= Ion network =

Ionic structure in solution

An ion network is an interconnected network or structure composed of ions in a solution. The term "ion network" was coined by Cho and coworkers in 2014. The notion of extended ion aggregates in electrolyte solutions, however, can be found in an earlier report. The ion network is particularly relevant in high-salt solutions where ions can aggregate and interact strongly and it has been investigated in an increasing number of research and review articles.

In high-salt solutions, ions can form clusters or aggregates due to their electrostatic interactions. These aggregates may further organize into spatially more extensive networks, where ions are connected through electrostatic forces and possibly other types of interactions, such as hydrogen bonding.

The formation of percolating ion networks can significantly affect the surrounding solvent molecules, particularly the water hydrogen-bonding networks in aqueous solutions that become intertwined with morphologically complementary ion networks. The presence of ion networks can disrupt the hydrogen-bonding network of water molecules, altering the structure and properties of the solution. This disruption in water structure may have implications for various phenomena, including solvation dynamics, ion transport, and chemical reactions occurring in the solution.

Overall, the concept of an ion network highlights the complex and dynamic interactions between ions and solvent molecules in solution, and its understanding is crucial for elucidating the behavior of electrolyte solutions in various contexts, ranging from biological systems to industrial processes, including lithium-ion batteries.

== Research ==
The study of ion networks and their implications in solution chemistry is an active and interdisciplinary field that has attracted attention from researchers across various disciplines, including chemistry, physics, materials science, and biology. Here are some key research subjects and activities in this field:

- Electrolyte Solutions and Ionic Liquids: Electrolyte solutions, which contain dissolved ions, and ionic liquids, which are essentially molten salts at room temperature, are important systems for studying ion networks. Researchers have investigated the structure and dynamics of ion networks in these systems using a variety of experimental and theoretical techniques.

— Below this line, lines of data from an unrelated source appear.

(* Let $(\phi,y)$ be feasible and satisfy the modified condition (MC). Let $(\phi^\dagger,y^\dagger)$ be feasible such that either $\phi^\dagger\ge\phi$ coordinatewise or $\phi^\dagger\le\phi$ coordinatewise. Then $T(\phi,y)\le T(\phi^\dagger,y^\dagger)$, where $T(\phi,y)=\sum_{(i,j)\in\mathcal E}D_{ij}(F_{ij})+\sum_{i}B_i(Y_i)$.
   Context: Network model. $\mathcal G=(\mathcal V,\mathcal E)$ is a finite directed graph with $(j,i)\in\mathcal E$ whenever $(i,j)\in\mathcal E$; $\mathcal N(i)=\{j:(i,j)\in\mathcal E\}$. $\mathcal C$ is a finite catalog; item $k$ has nonempty designated server set $\mathcal S_k\subseteq\mathcal V$. Exogenous request rates $r_i(k)\ge0$. Variables: $\phi_{ij}(k)\in[0,1]$ with $\phi_{ij}(k)=0$ if $(i,j)\notin\mathcal E$, and $y_i(k)\in[0,1]$. Flow conservation: $y_i(k)+\sum_{j}\phi_{ij}(k)=1$ if $i\notin\mathcal S_k$ and $=0$ if $i\in\mathcal S_k$. A pair $(\phi,y)$ is feasible if it satisfies these constraints and the arrival rates $t_i(k)$, solving $t_i(k)=r_i(k)+\sum_j t_j(k)\phi_{ji}(k)$, are uniquely determined and nonnegative (e.g. when for each $k$ the graph with edges $\{(i,j):\phi_{ij}(k)>0\}$ is acyclic). $f_{ji}(k)=t_i(k)\phi_{ij}(k)$, $F_{ij}=\sum_k f_{ij}(k)$, $Y_i=\sum_k y_i(k)$. $D_{ij},B_i$ are continuously differentiable, increasing, convex, zero at $0$. Marginal cost: $\frac{\partial T}{\partial r_i(k)}=\sum_{j\in\mathcal N(i)}\phi_{ij}(k)\big(D'_{ji}(F_{ji})+\frac{\partial T}{\partial r_j(k)}\big)$, zero if $i\in\mathcal S_k$ or $y_i(k)=1$. Modified condition (MC): with $\delta_i(k)=\min\{B_i'(Y_i)/t_i(k),\ \min_{j\in\mathcal N(i)}(D'_{ji}(F_{ji})+\frac{\partial T}{\partial r_j(k)})\}$ (where $B_i'(Y_i)/t_i(k):=\infty$ if $t_i(k)=0$), for all $i,k$: $B_i'(Y_i)=t_i(k)\delta_i(k)$ if $y_i(k)>0$, $B_i'(Y_i)\ge t_i(k)\delta_i(k)$ if $y_i(k)=0$; and for all $j\in\mathcal N(i)$, $D'_{ji}(F_{ji})+\frac{\partial T}{\partial r_j(k)}=\delta_i(k)$ if $\phi_{ij}(k)>0$, $\ge\delta_i(k)$ if $\phi_{ij}(k)=0$. *)

theory Defs
  imports "HOL-Analysis.Analysis"
begin

text \<open>Vertices have a finite type 'v, catalog items a finite type 'c.
  phi i j k is the forwarding fraction phi_ij(k), y i k is the caching variable y_i(k),
  r i k the exogenous request rate, S k the designated server set of item k.\<close>

definition nbrs :: "('v \<times> 'v) set \<Rightarrow> 'v \<Rightarrow> 'v set" where
  "nbrs E i = {j. (i, j) \<in> E}"

definition arr_eq :: "('v::finite \<Rightarrow> 'c \<Rightarrow> real) \<Rightarrow> ('v \<Rightarrow> 'v \<Rightarrow> 'c \<Rightarrow> real) \<Rightarrow> 'c \<Rightarrow> ('v \<Rightarrow> real) \<Rightarrow> bool" where
  "arr_eq r phi k t \<longleftrightarrow> (\<forall>i. t i = r i k + (\<Sum>j\<in>UNIV. t j * phi j i k))"

definition arrival :: "('v::finite \<Rightarrow> 'c \<Rightarrow> real) \<Rightarrow> ('v \<Rightarrow> 'v \<Rightarrow> 'c \<Rightarrow> real) \<Rightarrow> 'v \<Rightarrow> 'c \<Rightarrow> real" where
  "arrival r phi i k = (THE t. arr_eq r phi k t) i"

definition feasible :: "('v::finite \<times> 'v) set \<Rightarrow> ('c \<Rightarrow> 'v set) \<Rightarrow> ('v \<Rightarrow> 'c \<Rightarrow> real)
    \<Rightarrow> ('v \<Rightarrow> 'v \<Rightarrow> 'c \<Rightarrow> real) \<Rightarrow> ('v \<Rightarrow> 'c \<Rightarrow> real) \<Rightarrow> bool" where
  "feasible E S r phi y \<longleftrightarrow>
     (\<forall>i j k. 0 \<le> phi i j k \<and> phi i j k \<le> 1) \<and>
     (\<forall>i j k. (i, j) \<notin> E \<longrightarrow> phi i j k = 0) \<and>
     (\<forall>i k. 0 \<le> y i k \<and> y i k \<le> 1) \<and>
     (\<forall>i k. y i k + (\<Sum>j\<in>UNIV. phi i j k) = (if i \<in> S k then 0 else 1)) \<and>
     (\<forall>k. \<exists>!t. arr_eq r phi k t) \<and>
     (\<forall>i k. 0 \<le> arrival r phi i k)"

definition linkflow :: "('v::finite \<Rightarrow> 'c::finite \<Rightarrow> real) \<Rightarrow> ('v \<Rightarrow> 'v \<Rightarrow> 'c \<Rightarrow> real) \<Rightarrow> 'v \<Rightarrow> 'v \<Rightarrow> real" where
  "linkflow r phi i j = (\<Sum>k\<in>UNIV. arrival r phi j k * phi j i k)"

definition cacheload :: "('v \<Rightarrow> 'c::finite \<Rightarrow> real) \<Rightarrow> 'v \<Rightarrow> real" where
  "cacheload y i = (\<Sum>k\<in>UNIV. y i k)"

definition total_cost :: "('v::finite \<times> 'v) set \<Rightarrow> ('v \<Rightarrow> 'v \<Rightarrow> real \<Rightarrow> real) \<Rightarrow> ('v \<Rightarrow> real \<Rightarrow> real)
    \<Rightarrow> ('v \<Rightarrow> 'c::finite \<Rightarrow> real) \<Rightarrow> ('v \<Rightarrow> 'v \<Rightarrow> 'c \<Rightarrow> real) \<Rightarrow> ('v \<Rightarrow> 'c \<Rightarrow> real) \<Rightarrow> real" where
  "total_cost E D B r phi y =
     (\<Sum>(i, j)\<in>E. D i j (linkflow r phi i j)) + (\<Sum>i\<in>UNIV. B i (cacheload y i))"

text \<open>Recursive equations defining the marginal costs dT/dr_i(k) (for item k);
  D' i j is the derivative of D i j.\<close>
definition mc_eq :: "('v::finite \<times> 'v) set \<Rightarrow> ('c::finite \<Rightarrow> 'v set) \<Rightarrow> ('v \<Rightarrow> 'v \<Rightarrow> real \<Rightarrow> real)
    \<Rightarrow> ('v \<Rightarrow> 'c \<Rightarrow> real) \<Rightarrow> ('v \<Rightarrow> 'v \<Rightarrow> 'c \<Rightarrow> real) \<Rightarrow> ('v \<Rightarrow> 'c \<Rightarrow> real) \<Rightarrow> 'c \<Rightarrow> ('v \<Rightarrow> real) \<Rightarrow> bool" where
  "mc_eq E S D' r phi y k m \<longleftrightarrow>
     (\<forall>i. m i = (if i \<in> S k \<or> y i k = 1 then 0
                 else (\<Sum>j\<in>nbrs E i. phi i j k * (D' j i (linkflow r phi j i) + m j))))"

definition marginal :: "('v::finite \<times> 'v) set \<Rightarrow> ('c::finite \<Rightarrow> 'v set) \<Rightarrow> ('v \<Rightarrow> 'v \<Rightarrow> real \<Rightarrow> real)
    \<Rightarrow> ('v \<Rightarrow> 'c \<Rightarrow> real) \<Rightarrow> ('v \<Rightarrow> 'v \<Rightarrow> 'c \<Rightarrow> real) \<Rightarrow> ('v \<Rightarrow> 'c \<Rightarrow> real) \<Rightarrow> 'v \<Rightarrow> 'c \<Rightarrow> real" where
  "marginal E S D' r phi y i k = (THE m. mc_eq E S D' r phi y k m) i"

text \<open>delta_i(k) as an extended real: B_i'(Y_i)/t_i(k) is \<infinity> when t_i(k)=0, and the
  minimum over an empty neighbour set is \<infinity>.\<close>
definition delta :: "('v::finite \<times> 'v) set \<Rightarrow> ('c::finite \<Rightarrow> 'v set) \<Rightarrow> ('v \<Rightarrow> 'v \<Rightarrow> real \<Rightarrow> real)
    \<Rightarrow> ('v \<Rightarrow> real \<Rightarrow> real) \<Rightarrow> ('v \<Rightarrow> 'c \<Rightarrow> real) \<Rightarrow> ('v \<Rightarrow> 'v \<Rightarrow> 'c \<Rightarrow> real) \<Rightarrow> ('v \<Rightarrow> 'c \<Rightarrow> real)
    \<Rightarrow> 'v \<Rightarrow> 'c \<Rightarrow> ereal" where
  "delta E S D' B' r phi y i k =
     min (if arrival r phi i k = 0 then \<infinity>
          else ereal (B' i (cacheload y i) / arrival r phi i k))
         (INF j\<in>nbrs E i. ereal (D' j i (linkflow r phi j i) + marginal E S D' r phi y j k))"

definition MC :: "('v::finite \<times> 'v) set \<Rightarrow> ('c::finite \<Rightarrow> 'v set) \<Rightarrow> ('v \<Rightarrow> 'v \<Rightarrow> real \<Rightarrow> real)
    \<Rightarrow> ('v \<Rightarrow> real \<Rightarrow> real) \<Rightarrow> ('v \<Rightarrow> 'c \<Rightarrow> real) \<Rightarrow> ('v \<Rightarrow> 'v \<Rightarrow> 'c \<Rightarrow> real) \<Rightarrow> ('v \<Rightarrow> 'c \<Rightarrow> real) \<Rightarrow> bool" where
  "MC E S D' B' r phi y \<longleftrightarrow>
     (\<forall>i k.
        (y i k > 0 \<longrightarrow> ereal (B' i (cacheload y i)) = ereal (arrival r phi i k) * delta E S D' B' r phi y i k) \<and>
        (y i k = 0 \<longrightarrow> ereal (B' i (cacheload y i)) \<ge> ereal (arrival r phi i k) * delta E S D' B' r phi y i k) \<and>
        (\<forall>j\<in>nbrs E i.
           (phi i j k > 0 \<longrightarrow> ereal (D' j i (linkflow r phi j i) + marginal E S D' r phi y j k) = delta E S D' B' r phi y i k) \<and>
           (phi i j k = 0 \<longrightarrow> ereal (D' j i (linkflow r phi j i) + marginal E S D' r phi y j k) \<ge> delta E S D' B' r phi y i k)))"

definition cost_fun :: "(real \<Rightarrow> real) \<Rightarrow> (real \<Rightarrow> real) \<Rightarrow> bool" where
  "cost_fun g g' \<longleftrightarrow>
     (\<forall>x\<ge>0. (g has_real_derivative g' x) (at x within {0..})) \<and>
     continuous_on {0..} g' \<and> mono_on {0..} g \<and> convex_on {0..} g \<and> g 0 = 0"

end

theory Submission
  imports Defs
begin

text \<open>By convexity of the link and cache costs, \<open>T(\<phi>', y') - T(\<phi>, y)\<close> is bounded below by the
  first-order change, which splits into one term per item. For a fixed item the marginal costs
  \<open>\<partial>T/\<partial>r\<close> solve a potential equation dual to the arrival equation, so the link part telescopes into
  \<open>\<Sum>\<^sub>i t'\<^sub>i (\<Sum>\<^sub>j \<phi>'\<^sub>i\<^sub>j (D'\<^sub>j\<^sub>i + \<partial>T/\<partial>r\<^sub>j) - \<partial>T/\<partial>r\<^sub>i)\<close>. By MC every neighbour used by \<open>\<phi>\<close> attains the
  minimal value \<open>\<delta>\<^sub>i\<close>, and \<open>B'\<^sub>i = t\<^sub>i \<delta>\<^sub>i\<close> wherever something is cached; hence node \<open>i\<close> contributes at
  least \<open>(y'\<^sub>i - y\<^sub>i)(B'\<^sub>i - t'\<^sub>i \<delta>\<^sub>i)\<close>. This is nonnegative because a coordinatewise monotone change
  of \<open>\<phi>\<close> moves arrival rates and caching variables in opposite directions.\<close>

section \<open>Cost functions\<close>

lemma cost_fun_has_real_derivative:
  assumes "cost_fun g g'" and "0 < x"
  shows "(g has_real_derivative g' x) (at x)"
proof -
  have "(g has_real_derivative g' x) (at x within {0..})"
    using assms unfolding cost_fun_def by simp
  moreover have "x \<in> interior {0..}"
    using assms(2) by simp
  ultimately show ?thesis
    by (metis at_within_interior)
qed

- Molecular Dynamics (MD) Simulations: Molecular dynamics simulations play a crucial role in understanding ion networks at the molecular level. By simulating the behavior of individual ions and solvent molecules over time, researchers can explore the formation, structure, and dynamics of ion networks in solution.

- Spectroscopic Techniques: Experimental techniques such as infrared spectroscopy, nuclear magnetic resonance (NMR) spectroscopy, and X-ray scattering are commonly used to study ion networks in solution. These techniques provide valuable information about the structure, composition, and dynamics of ion networks.

- Hofmeister Effect: The Hofmeister effect refers to the phenomenon where the addition of specific ions to a solution can significantly alter the solubility, stability, and other properties of solutes. Understanding the Hofmeister effect is essential for elucidating the role of ion networks in solution chemistry.

- Soft Matter Physics: Ion networks in solution are also of interest in the field of soft matter physics, where researchers study the behavior of complex fluids and materials. Understanding the structure and dynamics of ion networks is crucial for designing new materials with tailored properties.

- Graph Theory Analysis: Ions often self-assemble into large and polydisperse aggregates in solution. Graph-theoretical approaches have been applied to quantitatively study morphological characteristics of these structural patterns including ion networks. In this approach, the aggregate structures taken from MD trajectories are treated as mathematical structures called graphs, and their properties, such as graph spectrum, degree distribution, clustering coefficient, minimum path length, and graph entropy, are calculated and analyzed. For example, this approach has been used to identify two morphologically different ion aggregates, namely localized clusters and extended networks, in high-salt solutions of the Hofmeister series of ions.